People will appreciate how these photos capture the experience and tie the guests in with the couple.

3. Capture The Key Players

Before the wedding begins, you’ve probably figured out who the main players are: parents, grandparents, siblings, the maid of honor, and the best man. Aside from photographing the couple, you should make an effort to photograph each of these people during the wedding.

These are the people who are most likely to show emotion and thus get you those golden-ticket shots.

Parents can be the most difficult to photograph because they tend to sit in the front row, and you don’t want to be that guy/girl who stands in front of a wedding party taking pictures.

Consider that capturing parents from the side is preferable. But, again, think about how you’ll get around before the ceremony begins.

4. The Rituals

Traditions and rituals are part of what distinguishes a wedding. Start understanding the vital cultural moments during the ceremony, such as breaking the glass, jumping the broom, and lighting the unity candle. It will help you get around the wedding.

5. The Group Shots

It’s time to climb that trusty ladder and put your public speaking skills to the test! First, of course, you have to despise doing this, and instead, you’ll be terrified of being the center of attention in front of 50-300 people like anyone who first started! But, as with anything, you get better at it and gain confidence over time, and then you’ll love it!

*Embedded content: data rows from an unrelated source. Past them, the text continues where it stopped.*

lemma has_integral_id_scaleR_deriv:
  fixes \<phi> \<phi>' :: "real \<Rightarrow> 'a::banach"
  assumes b: "0 \<le> b" and d\<phi>: "\<And>x. (\<phi> has_vector_derivative \<phi>' x) (at x)" and \<phi>b: "\<phi> b = 0"
  shows "((\<lambda>u. u *\<^sub>R \<phi>' u) has_integral - integral {0..b} \<phi>) {0..b}"
proof -
  have "((\<lambda>u. u *\<^sub>R \<phi>' u + \<phi> u) has_integral b *\<^sub>R \<phi> b - 0 *\<^sub>R \<phi> 0) {0..b}"
  proof (rule fundamental_theorem_of_calculus)
    fix x :: real
    have "((\<lambda>u. u *\<^sub>R \<phi> u) has_vector_derivative x *\<^sub>R \<phi>' x + 1 *\<^sub>R \<phi> x) (at x)"
      by (rule has_vector_derivative_scaleR[OF _ d\<phi>]) (rule DERIV_ident)
    then show "((\<lambda>u. u *\<^sub>R \<phi> u) has_vector_derivative x *\<^sub>R \<phi>' x + \<phi> x) (at x within {0..b})"
      by (simp add: has_vector_derivative_at_within)
  qed (use b in auto)
  moreover have "continuous_on {0..b} \<phi>"
    by (meson continuous_at_imp_continuous_on d\<phi> has_vector_derivative_continuous)
  then have "(\<phi> has_integral integral {0..b} \<phi>) {0..b}"
    by (intro integrable_integral integrable_continuous_interval)
  ultimately have "((\<lambda>u. (u *\<^sub>R \<phi>' u + \<phi> u) - \<phi> u) has_integral
      (b *\<^sub>R \<phi> b - 0 *\<^sub>R \<phi> 0) - integral {0..b} \<phi>) {0..b}"
    by (rule has_integral_diff)
  then show ?thesis using \<phi>b by simp
qed

text \<open>Abel summation expresses the weighted sum through the partial sums
  \<open>mertens_sum (nat \<lfloor>exp (L * u)\<rfloor>) \<approx> L * u\<close>; the main term \<open>L * u\<close> integrates
  back to \<open>L * \<integral>\<phi>\<close>.\<close>

lemma mertens_sum_deviation_has_integral:
  fixes \<phi> \<phi>' :: "real \<Rightarrow> 'a::banach"
  assumes b: "0 < b" and L: "1 \<le> L"
    and d\<phi>: "\<And>x. (\<phi> has_vector_derivative \<phi>' x) (at x)" and \<phi>b: "\<phi> b = 0"
  shows "((\<lambda>u. (mertens_sum (nat \<lfloor>exp (L * u)\<rfloor>) - L * u) *\<^sub>R \<phi>' u) has_integral
    L *\<^sub>R integral {0..b} \<phi>
      - (\<Sum>n=2..nat \<lfloor>exp (b * L)\<rfloor>. (mangoldt n / real n) *\<^sub>R \<phi> (ln (real n) / L))) {0..b}"
proof -
  define K where "K = nat \<lfloor>exp (b * L)\<rfloor>"
  define t where "t n = ln (real n) / L" for n :: nat
  define c where "c n = mangoldt n / real n" for n :: nat
  have t_le_iff: "t n \<le> u \<longleftrightarrow> n \<le> nat \<lfloor>exp (L * u)\<rfloor>" if "0 < n" for n u
    using ln_le_iff_le_nat_floor_exp[OF that, of "L * u"] L
    by (simp add: t_def pos_divide_le_eq mult.commute)
  have partial_sums: "sum c {n\<in>{2..K}. t n \<le> u} = mertens_sum (nat \<lfloor>exp (L * u)\<rfloor>)"
    if u: "u \<in> {0..b}" for u
  proof -
    have "nat \<lfloor>exp (L * u)\<rfloor> \<le> K"
      unfolding K_def using u L by (intro nat_mono floor_mono) (simp add: mult.commute)
    then have "{n\<in>{2..K}. t n \<le> u} = {2..nat \<lfloor>exp (L * u)\<rfloor>}"
      using t_le_iff by auto
    then show ?thesis by (simp add: mertens_sum_eq_sum_from_2 c_def)
  qed
  have "((\<lambda>u. sum c {n\<in>{2..K}. t n \<le> u} *\<^sub>R \<phi>' u) has_integral
      - (\<Sum>n=2..K. c n *\<^sub>R \<phi> (t n))) {0..b}"
  proof (rule abel_summation_has_integral)
    show "t n \<in> {0..b}" if "n \<in> {2..K}" for n
      using ln_div_mem_interval[of n L b] that L unfolding K_def t_def by auto
  qed (use d\<phi> \<phi>b in auto)
  from has_integral_diff[OF this has_integral_cmul[OF has_integral_id_scaleR_deriv, of b \<phi> \<phi>' L]]
  have "((\<lambda>u. sum c {n\<in>{2..K}. t n \<le> u} *\<^sub>R \<phi>' u - L *\<^sub>R (u *\<^sub>R \<phi>' u)) has_integral
      L *\<^sub>R integral {0..b} \<phi> - (\<Sum>n=2..K. c n *\<^sub>R \<phi> (t n))) {0..b}"
    using b d\<phi> \<phi>b by simp
  then have "((\<lambda>u. (mertens_sum (nat \<lfloor>exp (L * u)\<rfloor>) - L * u) *\<^sub>R \<phi>' u) has_integral
      L *\<^sub>R integral {0..b} \<phi> - (\<Sum>n=2..K. c n *\<^sub>R \<phi> (t n))) {0..b}"
    by (rule has_integral_eq[rotated]) (simp only: partial_sums scaleR_diff_left scaleR_scaleR)
  then show ?thesis by (simp only: K_def t_def c_def)
qed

Again, it’s a fantastic marketing opportunity in which you can put yourself in front of everyone, including potential future wedding clients. So you can tell a few jokes to make everyone laugh, and then you can take different photo combinations.

6. The Family Shots

This is usually when the bride and groom become frustrated and impatient, so it’s your job to step up and take control of the situation.

Set up the bride and groom in a good location, preferably with their backs to greenery or the most beautiful background you can find. Keep an eye on the sun and the shadows it casts on everyone.

If possible, try to get everyone in the shade; if not, turn their backs to the sun to avoid squinting, and just keep an eye out for camera flare! Begin calling out the combinations once the bride and groom are ready.

Another quick tip: Always take 3 or 4 photos of each family to ensure you get one without anyone blinking. You can even count them in, 3, 2, 1, shoot!


Wedding photography is evolving and claiming its rightful place as an art form in its own right.

This article is a starting point, but keep in mind that every couple and family will have different ideas.

Adapt your approach to their unique personalities, and once you’ve checked all the boxes, feel free to get creative. And keep in mind that some of the best wedding photos are taken when you least expect them for wedding photobook album.